The COVID-19 Cases, Deaths, and Tests by Day dataset contains cases and test data by date of sample submission. The death data are by date of death. This dataset is updated daily and contains information back to the beginning of the pandemic. The data can be found at https://data.ct.gov/Health-and-Human-Services/COVID-19-Cases-Deaths-and-Tests-by-Day/g9vi-2ahj.
The COVID-19 State Metrics dataset contains over 93 columns of data. This dataset is updated daily and currently contains information starting June 21, 2022 to the present. The data can be found at https://data.ct.gov/Health-and-Human-Services/COVID-19-State-Level-Data/qmgw-5kp6 .
The COVID-19 County Metrics dataset contains 25 columns of data. This dataset is updated daily and currently contains information starting June 16, 2022 to the present. The data can be found at https://data.ct.gov/Health-and-Human-Services/COVID-19-County-Level-Data/ujiq-dy22 .
The COVID-19 Town Metrics dataset contains 16 columns of data. This dataset is updated daily and currently contains information starting June 16, 2022 to the present. The data can be found at https://data.ct.gov/Health-and-Human-Services/COVID-19-Town-Level-Data/icxw-cada . To protect confidentiality, if a town has fewer than 5 cases or positive NAAT tests over the past 7 days, those data will be suppressed.
COVID-19 cases and associated deaths that have been reported among Connecticut residents, broken down by race and ethnicity. All data in this report are preliminary; data for previous dates will be updated as new reports are received and data errors are corrected. Deaths reported to the either the Office of the Chief Medical Examiner (OCME) or Department of Public Health (DPH) are included in the COVID-19 update.
The following data show the number of COVID-19 cases and associated deaths per 100,000 population by race and ethnicity. Crude rates represent the total cases or deaths per 100,000 people. Age-adjusted rates consider the age of the person at diagnosis or death when estimating the rate and use a standardized population to provide a fair comparison between population groups with different age distributions. Age-adjustment is important in Connecticut as the median age of among the non-Hispanic white population is 47 years, whereas it is 34 years among non-Hispanic blacks, and 29 years among Hispanics. Because most non-Hispanic white residents who died were over 75 years of age, the age-adjusted rates are lower than the unadjusted rates. In contrast, Hispanic residents who died tend to be younger than 75 years of age which results in higher age-adjusted rates.

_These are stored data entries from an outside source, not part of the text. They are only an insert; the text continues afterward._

lemma A'_marked_row_zero:
  assumes j: "j \<in> P" and k: "k < m"
  shows "A' $$ (j, k) = 0"
proof -
  have jm: "j < m" using j P_bound by auto
  have "B $$ (j, k) = 0"
    using marked_row_zero[OF j] by (simp add: mult_mat_entry[OF A_carrier T_carrier jm k])
  then show ?thesis using A'_row_outside[OF jm k] j new_pivot_iff by auto
qed

text \<open>Rows of new pivot columns become zero: row j - r of A' is zero except for the pivot
  entry (j - r, j) and entries in columns whose rows vanish, so A' * A' = 0 forces row j of
  A' to vanish.\<close>

lemma A'_new_pivot_row_zero:
  assumes j: "j \<in> N" and k: "k < m"
  shows "A' $$ (j, k) = 0"
proof -
  let ?p = "j - r"
  have jm: "j < m" "j \<notin> P" "A $$ (?p, j) \<noteq> 0" and p: "?p < m" and jr: "r \<le> j"
    using j new_pivot_iff[of j] by auto
  have row_p: "A' $$ (?p, l) = B $$ (?p, l)" if "l < m" for l
    using A'_row_outside[OF p that pivot_row_not_new_pivot[OF j]] .
  have "(A' * A') $$ (?p, k) = A' $$ (?p, j) * A' $$ (j, k)"
  proof (rule mult_mat_entry_single_term[OF A'_carrier A'_carrier p k jm(1)])
    fix l assume l: "l < m" "l \<noteq> j"
    show "A' $$ (?p, l) * A' $$ (l, k) = 0"
    proof (cases "l \<in> P \<or> j < l")
      case True
      then show ?thesis
        using A'_marked_row_zero[OF _ k] row_p[OF l(1)] B_pivot_row_cleared[OF j l(1)] by auto
    next
      case False
      then have "A' $$ (?p, l) = A $$ (?p, l)"
        using row_p[OF l(1)] B_pivot_row_left[OF j l(1)] by simp
      also have "\<dots> = 0" using unmarked_zero[OF p l(1)] False l(2) jr by simp
      finally show ?thesis by simp
    qed
  qed
  moreover have "A' $$ (?p, j) = A $$ (?p, j)"
    using row_p[OF jm(1)] B_pivot_row_left[OF j jm(1)] by simp
  ultimately show ?thesis using A'_square_zero p k jm(3) by simp
qed

theorem iteration_invariant: "rca_invariant m A' (P \<union> N) (Suc r)"
  unfolding rca_invariant_def
proof (intro conjI A'_carrier A'_square_zero allI impI ballI)
  show "P \<union> N \<subseteq> {..<m}" using P_bound N_bound by simp
next
  fix i j assume "i < m" "j < m" "j \<notin> P \<union> N" "j < i + Suc r"
  then show "A' $$ (i, j) = 0" by (rule A'_unmarked_zero)
next
  fix j k assume "j \<in> P \<union> N" "k < m"
  then show "A' $$ (j, k) = 0" using A'_marked_row_zero A'_new_pivot_row_zero by blast
qed

end

lemma rca_state_invariant:
  assumes "rca_invariant m D {} 1"
  shows "rca_invariant m (fst (rca_state m D k)) (snd (rca_state m D k)) (Suc k)"
proof (induction k)
  case 0
  then show ?case using assms by simp
next
  case (Suc k)
  obtain A P where state: "rca_state m D k = (A, P)" by fastforce
  interpret rca_iteration m A P "Suc k"
    using Suc state by unfold_locales simp
  show ?case using iteration_invariant by (simp add: state Let_def)
qed

text \<open>Once r \<ge> m - 1, the invariant alone yields the claim: either column j is marked and
  row j vanishes, or column j has at most the entry (0, m - 1) and the expansion of
  (A * A)(i, k) = 0 has a single nonzero summand.\<close>

lemma rca_invariant_outer_product_zero:
  assumes inv: "rca_invariant m A P r" and size: "m \<le> Suc r"
    and i: "i < m" and j: "j < m" and k: "k < m"
  shows "A $$ (i, j) * A $$ (j, k) = 0"
proof -
  interpret rca_iteration m A P r by (rule rca_iteration.intro[OF inv])
  show ?thesis
  proof (cases "j \<in> P \<or> A $$ (i, j) = 0")
    case True
    then show ?thesis using marked_row_zero[OF _ k] by auto
  next
    case False
    then have "j = i + r" using unmarked_zero[OF i j] j size by fastforce
    then have left: "l < i + r" if "l < m" "l \<noteq> j" for l
      using that size by linarith
    have "(A * A) $$ (i, k) = A $$ (i, j) * A $$ (j, k)"
    proof (rule mult_mat_entry_single_term[OF A_carrier A_carrier i k j])
      fix l assume l: "l < m" "l \<noteq> j"
      show "A $$ (i, l) * A $$ (l, k) = 0"
        using marked_row_zero[OF _ k] unmarked_zero[OF i l(1) _ left[OF l]]
        by (cases "l \<in> P") auto
    qed
    then show ?thesis using A_square_zero i k by simp
  qed
qed
lemma jackson_kernel_mult_sin_half_sq:
  "jackson_kernel m v * sin (v / 2) ^ 2 \<le> cmod (dirichlet m v) ^ 2"
proof -
  have "cmod (dirichlet m v) ^ 2 * (4 * sin (v / 2) ^ 2) = cmod (dirichlet m v * (cis v - 1)) ^ 2"
    by (simp add: norm_mult power_mult_distrib cmod_cis_minus_1_sq)
  also have "\<dots> = cmod (cis (real m * v) - 1) ^ 2" by (simp add: dirichlet_mult_cis_minus_1)
  also have "\<dots> \<le> 2 ^ 2"
  proof -
    have "cmod (cis (real m * v) - 1) \<le> 2"
      using norm_triangle_ineq4[of "cis (real m * v)" 1] by simp
    then show ?thesis by (intro power_mono) auto
  qed
  finally have a: "cmod (dirichlet m v) ^ 2 * sin (v / 2) ^ 2 \<le> 1" by simp
  have "jackson_kernel m v * sin (v / 2) ^ 2 = cmod (dirichlet m v) ^ 2 * (cmod (dirichlet m v) ^ 2 * sin (v / 2) ^ 2)"
    unfolding jackson_kernel_def by (simp add: power_mult[symmetric] mult.assoc[symmetric] power_add[symmetric])
  also have "\<dots> \<le> cmod (dirichlet m v) ^ 2 * 1" by (rule mult_left_mono[OF a]) simp
  finally show ?thesis by simp
qed

lemma jackson_kernel_eq_cos_sin_sums:
  "jackson_kernel m v = ((\<Sum>k<m. cos (real k * v))^2 + (\<Sum>k<m. sin (real k * v))^2)^2"
proof -
  have a: "cmod (dirichlet m v) ^ 2 = (\<Sum>k<m. cos (real k * v))^2 + (\<Sum>k<m. sin (real k * v))^2"
    unfolding cmod_power2 dirichlet_def by simp
  have "jackson_kernel m v = (cmod (dirichlet m v) ^ 2) ^ 2" unfolding jackson_kernel_def by (simp add: power4_eq_xxxx power2_eq_square mult.assoc)
  then show ?thesis using a by simp
qed
lemma pos_semidef_diag_nonneg:
  assumes "finite J" "k \<in> J" "pos_semidef_on J Y"
  shows "0 \<le> Y k k"
proof -
  let ?e = "\<lambda>j. if j = k then 1 else 0"
  have "quad_form J Y ?e = (\<Sum>i\<in>J. ?e i * Y i k)"
    unfolding quad_form_def by (simp only: mult.assoc sum_distrib_left[symmetric] sum_mult_delta[OF assms(1,2)])
  also have "\<dots> = Y k k"
    using sum_mult_delta[OF assms(1,2), of "\<lambda>i. Y i k"] by (simp add: mult.commute)
  finally have "quad_form J Y ?e = Y k k" .
  moreover have "0 \<le> quad_form J Y ?e"
    using assms(3) unfolding pos_semidef_on_def by blast
  ultimately show ?thesis by simp
qed

lemma pos_def_on_insertD:
  assumes "finite J" "i \<notin> J" "pos_def_on (insert i J) X"
  shows "pos_def_on J X"
  unfolding pos_def_on_def
proof (intro allI impI)
  fix w :: "_ \<Rightarrow> real"
  assume "\<exists>k\<in>J. w k \<noteq> 0"
  then have "\<exists>k\<in>insert i J. (w(i := 0)) k \<noteq> 0"
    using assms(2) by auto
  then have "0 < quad_form (insert i J) X (w(i := 0))"
    using assms(3) unfolding pos_def_on_def by blast
  moreover have "quad_form (insert i J) X (w(i := 0)) = quad_form J X (w(i := 0))"
    using quad_form_insert[OF assms(1,2), of X "w(i := 0)"] by simp
  moreover have "\<dots> = quad_form J X w"
    using assms(2) by (intro quad_form_cong) auto
  ultimately show "0 < quad_form J X w" by simp
qed

lemma pos_semidef_on_inverse:
  assumes "finite J" "inverse_on J X Y" "pos_semidef_on J X"
  shows "pos_semidef_on J Y"
  unfolding pos_semidef_on_def
proof
  fix w :: "_ \<Rightarrow> real"
  define z where "z k = (\<Sum>l\<in>J. Y k l * w l)" for k
  have Xz: "(\<Sum>b\<in>J. X a b * z b) = w a" if a: "a \<in> J" for a
  proof -
    have "(\<Sum>b\<in>J. X a b * z b) = (\<Sum>b\<in>J. \<Sum>l\<in>J. X a b * Y b l * w l)"
      unfolding z_def by (simp add: sum_distrib_left mult.assoc)
    also have "\<dots> = (\<Sum>l\<in>J. (\<Sum>b\<in>J. X a b * Y b l) * w l)"
      by (subst sum.swap) (simp add: sum_distrib_right)
    also have "\<dots> = (\<Sum>l\<in>J. (if a = l then 1 else 0) * w l)"
      using inverse_onD[OF assms(2) a] by (intro sum.cong) auto
    finally show ?thesis using assms(1) a by simp
  qed
  have "quad_form J X z = (\<Sum>a\<in>J. z a * (\<Sum>b\<in>J. X a b * z b))"
    unfolding quad_form_def by (simp add: sum_distrib_left mult.assoc)
  also have "\<dots> = (\<Sum>a\<in>J. z a * w a)"
    using Xz by (intro sum.cong) auto
  also have "\<dots> = quad_form J Y w"
    unfolding quad_form_def z_def by (simp add: sum_distrib_right sum_distrib_left algebra_simps)
  finally show "0 \<le> quad_form J Y w"
    using assms(3) unfolding pos_semidef_on_def by metis
qed

section \<open>Schur complements and bordered inverses\<close>

text \<open>If \<open>Y\<close> inverts \<open>X\<close> on \<open>J\<close>, then \<open>schur_vec J X Y i\<close> is the vector
  \<open>u = X\<^sub>J\<^sup>-\<^sup>1 X\<^sub>J\<^sub>i\<close> and \<open>schur_compl J X Y i\<close> is the Schur complement
  \<open>X\<^sub>i\<^sub>i - X\<^sub>i\<^sub>J X\<^sub>J\<^sup>-\<^sup>1 X\<^sub>J\<^sub>i\<close> of \<open>X\<^sub>J\<close> in \<open>X\<^bsub>J \<union> {i}\<^esub>\<close>.\<close>

definition schur_vec :: "'a set \<Rightarrow> ('a \<Rightarrow> 'a \<Rightarrow> real) \<Rightarrow> ('a \<Rightarrow> 'a \<Rightarrow> real) \<Rightarrow> 'a \<Rightarrow> 'a \<Rightarrow> real" where
  "schur_vec J X Y i k = (\<Sum>l\<in>J. Y k l * X l i)"

definition schur_compl :: "'a set \<Rightarrow> ('a \<Rightarrow> 'a \<Rightarrow> real) \<Rightarrow> ('a \<Rightarrow> 'a \<Rightarrow> real) \<Rightarrow> 'a \<Rightarrow> real" where
  "schur_compl J X Y i = X i i - (\<Sum>k\<in>J. X i k * schur_vec J X Y i k)"

lemma mult_schur_vec:
  assumes "finite J" "inverse_on J X Y" "k \<in> J"
  shows "(\<Sum>l\<in>J. X k l * schur_vec J X Y i l) = X k i"
proof -
  have "(\<Sum>l\<in>J. X k l * schur_vec J X Y i l) = (\<Sum>l\<in>J. \<Sum>r\<in>J. X k l * Y l r * X r i)"
    unfolding schur_vec_def by (simp add: sum_distrib_left mult.assoc)
  also have "\<dots> = (\<Sum>r\<in>J. (\<Sum>l\<in>J. X k l * Y l r) * X r i)"
    by (subst sum.swap) (simp add: sum_distrib_right)
  also have "\<dots> = (\<Sum>r\<in>J. (if k = r then 1 else 0) * X r i)"
    using inverse_onD[OF assms(2,3)] by (intro sum.cong) auto
  finally show ?thesis
    using assms(1,3) by simp
qed

lemma quad_form_insert_schur:
  assumes "finite J" "i \<notin> J" "sym_matrix X" "inverse_on J X Y"
  shows "quad_form (insert i J) X w =
    quad_form J X (\<lambda>k. w k + w i * schur_vec J X Y i k) + schur_compl J X Y i * (w i)^2"
proof -
  define u where "u = schur_vec J X Y i"
  have sX: "X a b = X b a" for a b
    using assms(3) unfolding sym_matrix_def by blast
  have expand: "quad_form J X (\<lambda>k. w k + w i * u k) = quad_form J X w
      + w i * (\<Sum>a\<in>J. \<Sum>b\<in>J. u a * X a b * w b) + w i * (\<Sum>a\<in>J. \<Sum>b\<in>J. w a * X a b * u b)
      + (w i)^2 * (\<Sum>a\<in>J. \<Sum>b\<in>J. u a * X a b * u b)"
    unfolding quad_form_def
    by (simp add: algebra_simps sum.distrib sum_distrib_left power2_eq_square)
  have cross: "(\<Sum>a\<in>J. \<Sum>b\<in>J. v a * X a b * u b) = (\<Sum>a\<in>J. v a * X a i)" for v :: "_ \<Rightarrow> real"
  proof -
    have "(\<Sum>a\<in>J. \<Sum>b\<in>J. v a * X a b * u b) = (\<Sum>a\<in>J. v a * (\<Sum>b\<in>J. X a b * u b))"
      by (simp add: sum_distrib_left mult.assoc)
    also have "\<dots> = (\<Sum>a\<in>J. v a * X a i)"
      using mult_schur_vec[OF assms(1,4)] unfolding u_def by (intro sum.cong) auto
    finally show ?thesis .
  qed
  have cross_sym: "(\<Sum>a\<in>J. \<Sum>b\<in>J. u a * X a b * w b) = (\<Sum>a\<in>J. \<Sum>b\<in>J. w a * X a b * u b)"
    by (subst sum.swap) (simp add: sX mult.commute mult.left_commute)
  have compl: "schur_compl J X Y i = X i i - (\<Sum>a\<in>J. u a * X a i)"
    unfolding schur_compl_def u_def by (simp add: sX mult.commute)
  show ?thesis
    unfolding quad_form_insert[OF assms(1,2)] expand[unfolded u_def] cross_sym[unfolded u_def]
      cross[unfolded u_def] compl[unfolded u_def]
    by (simp add: algebra_simps power2_eq_square sum_distrib_left sum_distrib_right sX)
qed

definition bordered_inverse ::
    "'a set \<Rightarrow> ('a \<Rightarrow> 'a \<Rightarrow> real) \<Rightarrow> ('a \<Rightarrow> 'a \<Rightarrow> real) \<Rightarrow> 'a \<Rightarrow> 'a \<Rightarrow> 'a \<Rightarrow> real" where
  "bordered_inverse J X Y i a b = (let u = schur_vec J X Y i; s = schur_compl J X Y i in
     if a \<in> J \<and> b \<in> J then Y a b + u a * u b / s
     else if a \<in> J \<and> b = i then - u a / s
     else if a = i \<and> b \<in> J then - u b / s
     else if a = i \<and> b = i then 1 / s else 0)"

lemma bordered_inverse_entries:
  fixes X Y :: "'a \<Rightarrow> 'a \<Rightarrow> real"
  assumes "i \<notin> J"
  defines "u \<equiv> schur_vec J X Y i" and "s \<equiv> schur_compl J X Y i"
  shows "a \<in> J \<Longrightarrow> b \<in> J \<Longrightarrow> bordered_inverse J X Y i a b = Y a b + u a * u b / s"
    and "a \<in> J \<Longrightarrow> bordered_inverse J X Y i a i = - u a / s"
    and "b \<in> J \<Longrightarrow> bordered_inverse J X Y i i b = - u b / s"
    and "bordered_inverse J X Y i i i = 1 / s"
  using assms(1) unfolding bordered_inverse_def u_def s_def Let_def by auto

lemma sym_matrix_bordered_inverse:
  assumes "sym_matrix Y" "i \<notin> J"
  shows "sym_matrix (bordered_inverse J X Y i)"
  unfolding sym_matrix_def
proof (intro allI)
  fix a b
  have "Y a b = Y b a"
    using assms(1) unfolding sym_matrix_def by blast
  then show "bordered_inverse J X Y i a b = bordered_inverse J X Y i b a"
    unfolding bordered_inverse_def Let_def using assms(2)
    by (cases "a \<in> J"; cases "b \<in> J"; cases "a = i"; cases "b = i") (simp_all add: mult.commute)
qed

The population data used to calculate rates is based on the CT DPH population statistics for 2019, which is available online here: https://portal.ct.gov/DPH/Health-Information-Systems--Reporting/Population/Population-Statistics. Prior to 5/10/2021, the population estimates from 2018 were used.
Rates are standardized to the 2000 US Millions Standard population (data available here: https://seer.cancer.gov/stdpopulations/). Standardization was done using 19 age groups (0, 1-4, 5-9, 10-14, ..., 80-84, 85 years and older). More information about direct standardization for age adjustment is available here: https://www.cdc.gov/nchs/data/statnt/statnt06rv.pdf
Categories are mutually exclusive. The category “multiracial” includes people who answered ‘yes’ to more than one race category. Counts may not add up to total case counts as data on race and ethnicity may be missing. Age adjusted rates calculated only for groups with more than 20 deaths. Abbreviation: NH=Non-Hispanic.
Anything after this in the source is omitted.